**About this exercise:**
In the records that follow, find the line with "by (rule nat_approx_posE)"; from there, retype every line exactly through the line with "Comparing \<open>\<L>\<^sub>\<beta>\<close> with", which also belongs to the answer.

**The input:**
------------------------------------

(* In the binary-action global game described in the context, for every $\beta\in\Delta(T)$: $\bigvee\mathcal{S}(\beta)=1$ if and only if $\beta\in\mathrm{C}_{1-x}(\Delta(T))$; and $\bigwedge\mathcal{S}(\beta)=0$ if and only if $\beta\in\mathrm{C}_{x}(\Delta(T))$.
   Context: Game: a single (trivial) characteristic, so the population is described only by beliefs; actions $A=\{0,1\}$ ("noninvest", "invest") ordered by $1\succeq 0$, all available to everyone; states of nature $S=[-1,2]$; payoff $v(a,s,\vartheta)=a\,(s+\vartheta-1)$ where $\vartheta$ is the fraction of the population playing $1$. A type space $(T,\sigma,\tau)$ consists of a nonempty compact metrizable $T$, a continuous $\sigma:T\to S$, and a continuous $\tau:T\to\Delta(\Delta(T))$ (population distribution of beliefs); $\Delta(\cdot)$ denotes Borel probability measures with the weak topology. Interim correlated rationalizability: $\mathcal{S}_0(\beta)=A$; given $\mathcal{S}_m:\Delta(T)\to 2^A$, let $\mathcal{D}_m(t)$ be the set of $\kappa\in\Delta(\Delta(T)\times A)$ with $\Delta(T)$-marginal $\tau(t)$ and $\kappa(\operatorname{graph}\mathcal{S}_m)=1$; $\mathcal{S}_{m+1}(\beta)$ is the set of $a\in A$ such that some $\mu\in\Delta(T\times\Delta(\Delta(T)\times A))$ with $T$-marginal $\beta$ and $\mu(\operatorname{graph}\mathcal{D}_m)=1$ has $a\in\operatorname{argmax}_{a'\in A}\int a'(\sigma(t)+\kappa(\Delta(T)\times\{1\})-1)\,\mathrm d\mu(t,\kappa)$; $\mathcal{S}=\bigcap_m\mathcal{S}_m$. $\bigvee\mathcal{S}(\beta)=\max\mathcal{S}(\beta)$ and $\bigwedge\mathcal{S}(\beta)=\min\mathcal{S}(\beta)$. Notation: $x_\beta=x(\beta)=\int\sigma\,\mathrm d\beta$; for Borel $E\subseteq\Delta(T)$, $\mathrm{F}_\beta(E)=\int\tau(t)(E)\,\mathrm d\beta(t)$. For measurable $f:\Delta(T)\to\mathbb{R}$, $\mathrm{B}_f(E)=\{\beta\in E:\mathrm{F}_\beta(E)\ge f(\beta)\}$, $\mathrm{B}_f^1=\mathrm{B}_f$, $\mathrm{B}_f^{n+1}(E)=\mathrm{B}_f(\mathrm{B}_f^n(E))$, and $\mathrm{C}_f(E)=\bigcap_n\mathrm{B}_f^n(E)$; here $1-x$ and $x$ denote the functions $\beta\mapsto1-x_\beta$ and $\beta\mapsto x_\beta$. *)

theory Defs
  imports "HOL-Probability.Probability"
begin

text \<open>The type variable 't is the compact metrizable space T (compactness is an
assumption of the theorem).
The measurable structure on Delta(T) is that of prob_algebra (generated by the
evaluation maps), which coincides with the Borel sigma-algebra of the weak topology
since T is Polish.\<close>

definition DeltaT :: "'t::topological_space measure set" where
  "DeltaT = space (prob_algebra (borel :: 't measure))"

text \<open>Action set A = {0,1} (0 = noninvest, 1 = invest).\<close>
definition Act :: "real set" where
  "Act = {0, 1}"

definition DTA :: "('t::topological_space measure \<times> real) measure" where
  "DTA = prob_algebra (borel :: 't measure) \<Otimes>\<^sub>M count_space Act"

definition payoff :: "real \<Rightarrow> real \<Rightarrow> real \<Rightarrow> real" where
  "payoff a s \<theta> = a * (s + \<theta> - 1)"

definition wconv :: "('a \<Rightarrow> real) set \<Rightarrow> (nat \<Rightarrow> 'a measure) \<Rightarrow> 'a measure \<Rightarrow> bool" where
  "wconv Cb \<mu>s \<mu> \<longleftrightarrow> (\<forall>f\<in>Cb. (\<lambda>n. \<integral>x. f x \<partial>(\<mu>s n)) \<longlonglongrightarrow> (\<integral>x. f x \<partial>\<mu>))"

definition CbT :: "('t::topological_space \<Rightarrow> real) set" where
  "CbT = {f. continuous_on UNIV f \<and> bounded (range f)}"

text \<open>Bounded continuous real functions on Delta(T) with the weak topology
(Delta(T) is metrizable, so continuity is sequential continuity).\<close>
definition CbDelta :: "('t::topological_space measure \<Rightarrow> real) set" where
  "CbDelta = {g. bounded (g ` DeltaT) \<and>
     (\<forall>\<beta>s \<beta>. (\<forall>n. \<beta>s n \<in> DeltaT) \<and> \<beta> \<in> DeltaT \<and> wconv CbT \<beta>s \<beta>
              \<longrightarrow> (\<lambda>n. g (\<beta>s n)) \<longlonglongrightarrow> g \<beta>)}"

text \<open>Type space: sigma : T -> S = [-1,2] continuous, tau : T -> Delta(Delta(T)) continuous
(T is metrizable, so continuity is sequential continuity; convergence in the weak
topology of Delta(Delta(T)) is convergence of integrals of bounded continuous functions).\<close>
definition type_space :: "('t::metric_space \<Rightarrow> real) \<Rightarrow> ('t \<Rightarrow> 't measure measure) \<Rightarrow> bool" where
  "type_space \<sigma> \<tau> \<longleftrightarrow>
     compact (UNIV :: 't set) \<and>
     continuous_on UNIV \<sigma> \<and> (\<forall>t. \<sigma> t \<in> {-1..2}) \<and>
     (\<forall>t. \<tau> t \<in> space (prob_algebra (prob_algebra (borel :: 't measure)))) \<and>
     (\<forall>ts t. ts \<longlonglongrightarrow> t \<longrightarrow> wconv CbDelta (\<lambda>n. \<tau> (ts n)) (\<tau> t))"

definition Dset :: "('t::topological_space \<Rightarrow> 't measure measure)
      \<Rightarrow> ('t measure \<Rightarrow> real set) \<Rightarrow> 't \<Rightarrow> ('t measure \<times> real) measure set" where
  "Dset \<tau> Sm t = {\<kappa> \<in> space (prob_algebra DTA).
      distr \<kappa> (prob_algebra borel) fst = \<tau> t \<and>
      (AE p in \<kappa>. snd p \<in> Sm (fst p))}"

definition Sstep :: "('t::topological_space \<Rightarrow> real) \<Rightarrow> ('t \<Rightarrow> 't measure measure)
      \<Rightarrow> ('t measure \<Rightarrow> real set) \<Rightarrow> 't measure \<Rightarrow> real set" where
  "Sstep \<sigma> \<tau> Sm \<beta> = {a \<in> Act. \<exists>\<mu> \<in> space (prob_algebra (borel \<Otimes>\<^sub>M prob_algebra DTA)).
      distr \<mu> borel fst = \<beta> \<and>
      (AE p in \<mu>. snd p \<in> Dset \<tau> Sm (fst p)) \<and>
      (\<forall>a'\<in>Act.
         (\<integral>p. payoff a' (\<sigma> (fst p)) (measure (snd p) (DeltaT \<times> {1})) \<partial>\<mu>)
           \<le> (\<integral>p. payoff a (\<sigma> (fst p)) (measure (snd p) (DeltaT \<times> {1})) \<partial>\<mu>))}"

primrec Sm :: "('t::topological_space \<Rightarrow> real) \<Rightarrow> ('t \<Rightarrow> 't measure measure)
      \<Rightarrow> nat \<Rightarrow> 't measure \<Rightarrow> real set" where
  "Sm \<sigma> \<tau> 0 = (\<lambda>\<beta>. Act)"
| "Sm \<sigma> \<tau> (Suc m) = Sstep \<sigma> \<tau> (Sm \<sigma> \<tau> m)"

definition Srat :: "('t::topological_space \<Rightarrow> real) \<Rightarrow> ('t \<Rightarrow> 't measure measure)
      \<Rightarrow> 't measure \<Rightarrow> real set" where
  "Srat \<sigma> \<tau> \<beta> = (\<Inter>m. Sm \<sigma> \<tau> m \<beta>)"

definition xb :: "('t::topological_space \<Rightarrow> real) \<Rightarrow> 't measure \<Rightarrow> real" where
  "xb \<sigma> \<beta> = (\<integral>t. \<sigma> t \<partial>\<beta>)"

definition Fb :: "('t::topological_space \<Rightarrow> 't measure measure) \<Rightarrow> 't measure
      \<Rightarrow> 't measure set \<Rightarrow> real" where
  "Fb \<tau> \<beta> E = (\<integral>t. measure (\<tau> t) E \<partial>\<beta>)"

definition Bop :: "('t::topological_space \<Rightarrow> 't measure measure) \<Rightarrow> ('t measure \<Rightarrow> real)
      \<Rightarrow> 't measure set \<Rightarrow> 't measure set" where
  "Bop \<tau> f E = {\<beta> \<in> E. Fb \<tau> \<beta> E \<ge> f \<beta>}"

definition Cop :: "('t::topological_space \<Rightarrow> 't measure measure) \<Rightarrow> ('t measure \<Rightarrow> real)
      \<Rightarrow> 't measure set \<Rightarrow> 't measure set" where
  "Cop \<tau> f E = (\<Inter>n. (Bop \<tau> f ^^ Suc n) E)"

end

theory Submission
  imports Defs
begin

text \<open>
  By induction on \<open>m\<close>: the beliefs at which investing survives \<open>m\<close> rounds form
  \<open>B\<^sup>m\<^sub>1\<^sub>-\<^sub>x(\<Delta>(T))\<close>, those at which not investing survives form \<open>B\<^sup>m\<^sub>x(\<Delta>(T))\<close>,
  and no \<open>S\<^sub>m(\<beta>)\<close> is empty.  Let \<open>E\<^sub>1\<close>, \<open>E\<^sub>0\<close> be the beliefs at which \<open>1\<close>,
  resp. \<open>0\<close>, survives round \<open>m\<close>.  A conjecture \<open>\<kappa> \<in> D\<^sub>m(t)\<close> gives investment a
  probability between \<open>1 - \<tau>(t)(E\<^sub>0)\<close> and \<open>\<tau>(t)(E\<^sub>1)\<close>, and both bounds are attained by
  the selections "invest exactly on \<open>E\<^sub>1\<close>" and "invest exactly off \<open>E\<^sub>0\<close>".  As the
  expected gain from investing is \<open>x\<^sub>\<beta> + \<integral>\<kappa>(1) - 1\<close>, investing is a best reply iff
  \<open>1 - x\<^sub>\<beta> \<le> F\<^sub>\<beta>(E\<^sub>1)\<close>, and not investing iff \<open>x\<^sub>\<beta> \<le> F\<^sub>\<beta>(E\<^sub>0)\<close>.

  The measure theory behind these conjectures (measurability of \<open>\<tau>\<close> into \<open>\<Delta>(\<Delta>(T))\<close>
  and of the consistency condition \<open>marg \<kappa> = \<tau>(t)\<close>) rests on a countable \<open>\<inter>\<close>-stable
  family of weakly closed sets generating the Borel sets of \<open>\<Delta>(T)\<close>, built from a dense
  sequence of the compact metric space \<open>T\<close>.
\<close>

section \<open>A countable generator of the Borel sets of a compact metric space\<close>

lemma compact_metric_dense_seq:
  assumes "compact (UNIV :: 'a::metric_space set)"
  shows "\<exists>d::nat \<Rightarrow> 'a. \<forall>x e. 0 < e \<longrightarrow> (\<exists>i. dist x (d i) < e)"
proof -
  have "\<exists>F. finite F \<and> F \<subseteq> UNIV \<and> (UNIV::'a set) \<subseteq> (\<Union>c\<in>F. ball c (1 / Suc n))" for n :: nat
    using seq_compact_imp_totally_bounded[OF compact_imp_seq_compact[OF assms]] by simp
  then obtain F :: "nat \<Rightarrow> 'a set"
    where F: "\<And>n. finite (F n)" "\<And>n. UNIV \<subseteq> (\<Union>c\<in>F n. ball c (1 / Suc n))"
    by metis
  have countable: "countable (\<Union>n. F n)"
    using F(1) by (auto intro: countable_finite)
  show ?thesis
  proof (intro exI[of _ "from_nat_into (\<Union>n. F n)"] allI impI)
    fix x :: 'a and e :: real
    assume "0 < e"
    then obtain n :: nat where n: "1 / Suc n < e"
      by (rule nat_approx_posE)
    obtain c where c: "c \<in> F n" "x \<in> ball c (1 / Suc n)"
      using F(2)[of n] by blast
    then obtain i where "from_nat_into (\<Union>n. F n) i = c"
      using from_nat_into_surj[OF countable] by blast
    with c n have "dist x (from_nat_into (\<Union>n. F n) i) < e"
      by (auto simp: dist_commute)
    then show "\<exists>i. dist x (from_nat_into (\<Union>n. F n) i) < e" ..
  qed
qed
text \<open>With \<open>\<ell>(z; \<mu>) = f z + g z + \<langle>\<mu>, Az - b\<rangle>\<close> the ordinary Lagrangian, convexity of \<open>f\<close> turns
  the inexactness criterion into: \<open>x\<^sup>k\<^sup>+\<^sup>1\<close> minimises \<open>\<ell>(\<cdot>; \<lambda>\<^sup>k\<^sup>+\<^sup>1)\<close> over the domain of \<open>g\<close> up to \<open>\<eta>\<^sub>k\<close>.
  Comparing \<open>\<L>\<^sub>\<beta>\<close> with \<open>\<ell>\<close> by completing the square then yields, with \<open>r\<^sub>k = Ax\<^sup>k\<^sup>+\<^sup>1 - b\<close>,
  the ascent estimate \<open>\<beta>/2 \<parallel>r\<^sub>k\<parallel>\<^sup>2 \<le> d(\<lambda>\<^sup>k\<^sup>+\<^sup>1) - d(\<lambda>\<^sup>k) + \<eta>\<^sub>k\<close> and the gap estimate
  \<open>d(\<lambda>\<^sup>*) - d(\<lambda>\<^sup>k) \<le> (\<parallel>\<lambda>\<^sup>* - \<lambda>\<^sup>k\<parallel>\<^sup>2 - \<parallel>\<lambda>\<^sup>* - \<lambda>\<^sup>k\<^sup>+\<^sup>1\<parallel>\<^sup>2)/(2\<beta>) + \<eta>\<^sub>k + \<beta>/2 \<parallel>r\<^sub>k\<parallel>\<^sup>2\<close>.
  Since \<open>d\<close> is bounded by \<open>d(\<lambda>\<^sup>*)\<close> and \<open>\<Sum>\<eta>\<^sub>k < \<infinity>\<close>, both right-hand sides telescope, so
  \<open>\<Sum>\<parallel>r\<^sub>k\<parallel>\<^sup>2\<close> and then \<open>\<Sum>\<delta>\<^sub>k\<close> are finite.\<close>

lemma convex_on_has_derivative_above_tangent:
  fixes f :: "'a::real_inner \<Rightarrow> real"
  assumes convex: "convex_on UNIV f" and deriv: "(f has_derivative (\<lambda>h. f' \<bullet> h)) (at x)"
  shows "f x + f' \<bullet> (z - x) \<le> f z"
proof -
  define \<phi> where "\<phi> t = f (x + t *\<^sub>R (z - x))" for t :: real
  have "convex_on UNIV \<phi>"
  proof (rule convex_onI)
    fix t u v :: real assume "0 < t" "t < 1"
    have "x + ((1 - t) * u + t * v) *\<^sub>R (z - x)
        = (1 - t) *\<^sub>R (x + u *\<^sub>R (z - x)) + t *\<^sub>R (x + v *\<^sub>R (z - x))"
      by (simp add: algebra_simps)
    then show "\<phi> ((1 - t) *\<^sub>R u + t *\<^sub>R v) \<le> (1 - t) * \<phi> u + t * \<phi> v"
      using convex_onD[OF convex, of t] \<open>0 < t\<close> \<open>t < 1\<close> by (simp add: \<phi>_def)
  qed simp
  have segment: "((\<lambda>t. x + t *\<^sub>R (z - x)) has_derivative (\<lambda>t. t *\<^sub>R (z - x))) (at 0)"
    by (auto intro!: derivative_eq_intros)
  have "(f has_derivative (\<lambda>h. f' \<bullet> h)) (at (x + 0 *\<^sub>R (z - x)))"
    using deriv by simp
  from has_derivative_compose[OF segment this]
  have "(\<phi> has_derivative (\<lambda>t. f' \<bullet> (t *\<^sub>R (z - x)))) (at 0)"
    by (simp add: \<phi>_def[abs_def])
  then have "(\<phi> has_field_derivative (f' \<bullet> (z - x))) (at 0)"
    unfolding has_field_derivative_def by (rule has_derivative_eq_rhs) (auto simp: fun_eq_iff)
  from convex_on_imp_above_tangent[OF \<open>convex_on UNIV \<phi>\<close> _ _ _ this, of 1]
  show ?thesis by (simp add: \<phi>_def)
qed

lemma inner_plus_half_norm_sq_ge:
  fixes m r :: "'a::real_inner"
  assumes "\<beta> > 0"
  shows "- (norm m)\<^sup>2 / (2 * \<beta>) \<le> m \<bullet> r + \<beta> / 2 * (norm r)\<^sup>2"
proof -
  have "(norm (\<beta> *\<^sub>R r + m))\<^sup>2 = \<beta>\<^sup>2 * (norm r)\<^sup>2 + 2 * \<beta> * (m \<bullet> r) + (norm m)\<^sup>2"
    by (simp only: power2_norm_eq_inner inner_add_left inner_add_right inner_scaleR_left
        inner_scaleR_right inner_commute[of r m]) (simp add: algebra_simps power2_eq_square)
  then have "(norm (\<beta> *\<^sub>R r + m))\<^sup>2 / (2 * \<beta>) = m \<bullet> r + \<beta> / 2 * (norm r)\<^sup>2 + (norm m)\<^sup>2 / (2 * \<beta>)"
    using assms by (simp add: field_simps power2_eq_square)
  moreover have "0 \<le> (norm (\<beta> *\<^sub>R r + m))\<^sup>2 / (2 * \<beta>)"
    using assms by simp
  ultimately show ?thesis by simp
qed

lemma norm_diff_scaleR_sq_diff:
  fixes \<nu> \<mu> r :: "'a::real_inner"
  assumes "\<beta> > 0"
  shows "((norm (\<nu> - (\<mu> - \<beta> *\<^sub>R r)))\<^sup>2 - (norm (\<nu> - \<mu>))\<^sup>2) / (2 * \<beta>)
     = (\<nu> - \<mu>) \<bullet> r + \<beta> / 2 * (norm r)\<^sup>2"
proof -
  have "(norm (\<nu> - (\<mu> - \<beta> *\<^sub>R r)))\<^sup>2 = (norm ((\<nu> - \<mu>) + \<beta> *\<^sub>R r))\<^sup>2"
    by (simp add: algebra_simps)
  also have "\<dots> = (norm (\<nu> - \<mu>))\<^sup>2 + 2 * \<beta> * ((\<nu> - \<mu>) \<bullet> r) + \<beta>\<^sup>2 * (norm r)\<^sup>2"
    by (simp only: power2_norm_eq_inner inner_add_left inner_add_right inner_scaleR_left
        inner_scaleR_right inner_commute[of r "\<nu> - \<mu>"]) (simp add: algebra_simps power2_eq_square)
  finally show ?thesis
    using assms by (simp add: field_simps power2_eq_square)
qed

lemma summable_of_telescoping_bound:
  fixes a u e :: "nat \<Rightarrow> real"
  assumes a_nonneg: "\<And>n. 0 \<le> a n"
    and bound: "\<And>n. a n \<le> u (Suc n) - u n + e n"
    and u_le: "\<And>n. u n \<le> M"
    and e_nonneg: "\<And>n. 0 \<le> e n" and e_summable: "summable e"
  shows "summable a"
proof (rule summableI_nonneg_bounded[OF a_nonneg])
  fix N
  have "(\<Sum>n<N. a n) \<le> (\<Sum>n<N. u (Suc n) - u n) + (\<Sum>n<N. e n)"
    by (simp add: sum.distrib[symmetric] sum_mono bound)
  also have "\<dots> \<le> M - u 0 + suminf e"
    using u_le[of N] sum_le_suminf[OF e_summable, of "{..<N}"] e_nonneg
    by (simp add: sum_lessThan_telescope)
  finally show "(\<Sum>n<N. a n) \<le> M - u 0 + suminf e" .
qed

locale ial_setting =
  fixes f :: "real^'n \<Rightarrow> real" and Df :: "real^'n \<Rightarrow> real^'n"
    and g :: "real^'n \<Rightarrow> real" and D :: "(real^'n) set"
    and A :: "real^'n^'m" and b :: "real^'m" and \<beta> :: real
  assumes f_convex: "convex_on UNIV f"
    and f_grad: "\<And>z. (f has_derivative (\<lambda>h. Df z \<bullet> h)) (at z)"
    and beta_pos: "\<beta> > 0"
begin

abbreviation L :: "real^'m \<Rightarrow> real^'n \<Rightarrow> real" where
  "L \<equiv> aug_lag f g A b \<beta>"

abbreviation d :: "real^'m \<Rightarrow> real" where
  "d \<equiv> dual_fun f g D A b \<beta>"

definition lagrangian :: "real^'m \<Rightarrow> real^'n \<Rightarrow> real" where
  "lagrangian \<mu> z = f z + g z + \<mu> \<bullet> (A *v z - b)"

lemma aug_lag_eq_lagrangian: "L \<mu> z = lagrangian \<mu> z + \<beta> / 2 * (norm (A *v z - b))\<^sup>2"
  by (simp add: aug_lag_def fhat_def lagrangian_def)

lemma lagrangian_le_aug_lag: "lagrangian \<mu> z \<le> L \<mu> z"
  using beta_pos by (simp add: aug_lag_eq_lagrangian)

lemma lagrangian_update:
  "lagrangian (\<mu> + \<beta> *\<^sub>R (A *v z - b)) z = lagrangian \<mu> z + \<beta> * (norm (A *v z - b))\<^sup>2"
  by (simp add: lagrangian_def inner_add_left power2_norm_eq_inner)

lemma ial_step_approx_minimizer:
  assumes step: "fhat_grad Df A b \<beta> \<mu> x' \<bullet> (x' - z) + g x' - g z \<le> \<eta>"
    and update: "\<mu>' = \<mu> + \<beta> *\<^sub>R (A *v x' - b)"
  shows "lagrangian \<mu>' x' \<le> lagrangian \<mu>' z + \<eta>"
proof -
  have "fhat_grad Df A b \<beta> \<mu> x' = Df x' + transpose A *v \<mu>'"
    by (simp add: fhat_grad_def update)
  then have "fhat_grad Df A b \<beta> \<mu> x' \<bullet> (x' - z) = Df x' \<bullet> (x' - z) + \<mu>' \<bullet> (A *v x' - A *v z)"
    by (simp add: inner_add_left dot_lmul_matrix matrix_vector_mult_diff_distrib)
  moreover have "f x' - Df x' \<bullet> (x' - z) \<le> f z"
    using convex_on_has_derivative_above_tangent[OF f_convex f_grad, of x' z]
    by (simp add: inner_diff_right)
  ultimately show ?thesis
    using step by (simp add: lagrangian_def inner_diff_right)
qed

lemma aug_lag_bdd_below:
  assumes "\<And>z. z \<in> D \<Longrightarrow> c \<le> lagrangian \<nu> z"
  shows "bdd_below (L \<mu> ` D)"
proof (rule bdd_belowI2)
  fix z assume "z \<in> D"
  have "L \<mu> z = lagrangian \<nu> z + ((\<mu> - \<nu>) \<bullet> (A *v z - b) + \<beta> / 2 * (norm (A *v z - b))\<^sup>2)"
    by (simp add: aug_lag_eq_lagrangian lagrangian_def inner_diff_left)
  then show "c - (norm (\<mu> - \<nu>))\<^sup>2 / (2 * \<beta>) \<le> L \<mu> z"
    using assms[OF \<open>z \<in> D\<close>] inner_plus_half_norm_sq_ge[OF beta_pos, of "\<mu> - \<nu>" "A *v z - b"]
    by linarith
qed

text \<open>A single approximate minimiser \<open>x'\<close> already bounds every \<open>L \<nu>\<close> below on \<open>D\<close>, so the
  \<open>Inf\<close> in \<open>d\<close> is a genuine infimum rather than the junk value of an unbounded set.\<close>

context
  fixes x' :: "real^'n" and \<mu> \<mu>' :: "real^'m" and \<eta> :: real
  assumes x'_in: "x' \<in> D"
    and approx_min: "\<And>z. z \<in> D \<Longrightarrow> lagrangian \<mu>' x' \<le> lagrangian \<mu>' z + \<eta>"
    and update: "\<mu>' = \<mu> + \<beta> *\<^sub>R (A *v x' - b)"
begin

------------------------------------

**Output below:**
      by (rule nat_approx_posE)
    obtain c where c: "c \<in> F n" "x \<in> ball c (1 / Suc n)"
      using F(2)[of n] by blast
    then obtain i where "from_nat_into (\<Union>n. F n) i = c"
      using from_nat_into_surj[OF countable] by blast
    with c n have "dist x (from_nat_into (\<Union>n. F n) i) < e"
      by (auto simp: dist_commute)
    then show "\<exists>i. dist x (from_nat_into (\<Union>n. F n) i) < e" ..
  qed
qed
text \<open>With \<open>\<ell>(z; \<mu>) = f z + g z + \<langle>\<mu>, Az - b\<rangle>\<close> the ordinary Lagrangian, convexity of \<open>f\<close> turns
  the inexactness criterion into: \<open>x\<^sup>k\<^sup>+\<^sup>1\<close> minimises \<open>\<ell>(\<cdot>; \<lambda>\<^sup>k\<^sup>+\<^sup>1)\<close> over the domain of \<open>g\<close> up to \<open>\<eta>\<^sub>k\<close>.
  Comparing \<open>\<L>\<^sub>\<beta>\<close> with \<open>\<ell>\<close> by completing the square then yields, with \<open>r\<^sub>k = Ax\<^sup>k\<^sup>+\<^sup>1 - b\<close>,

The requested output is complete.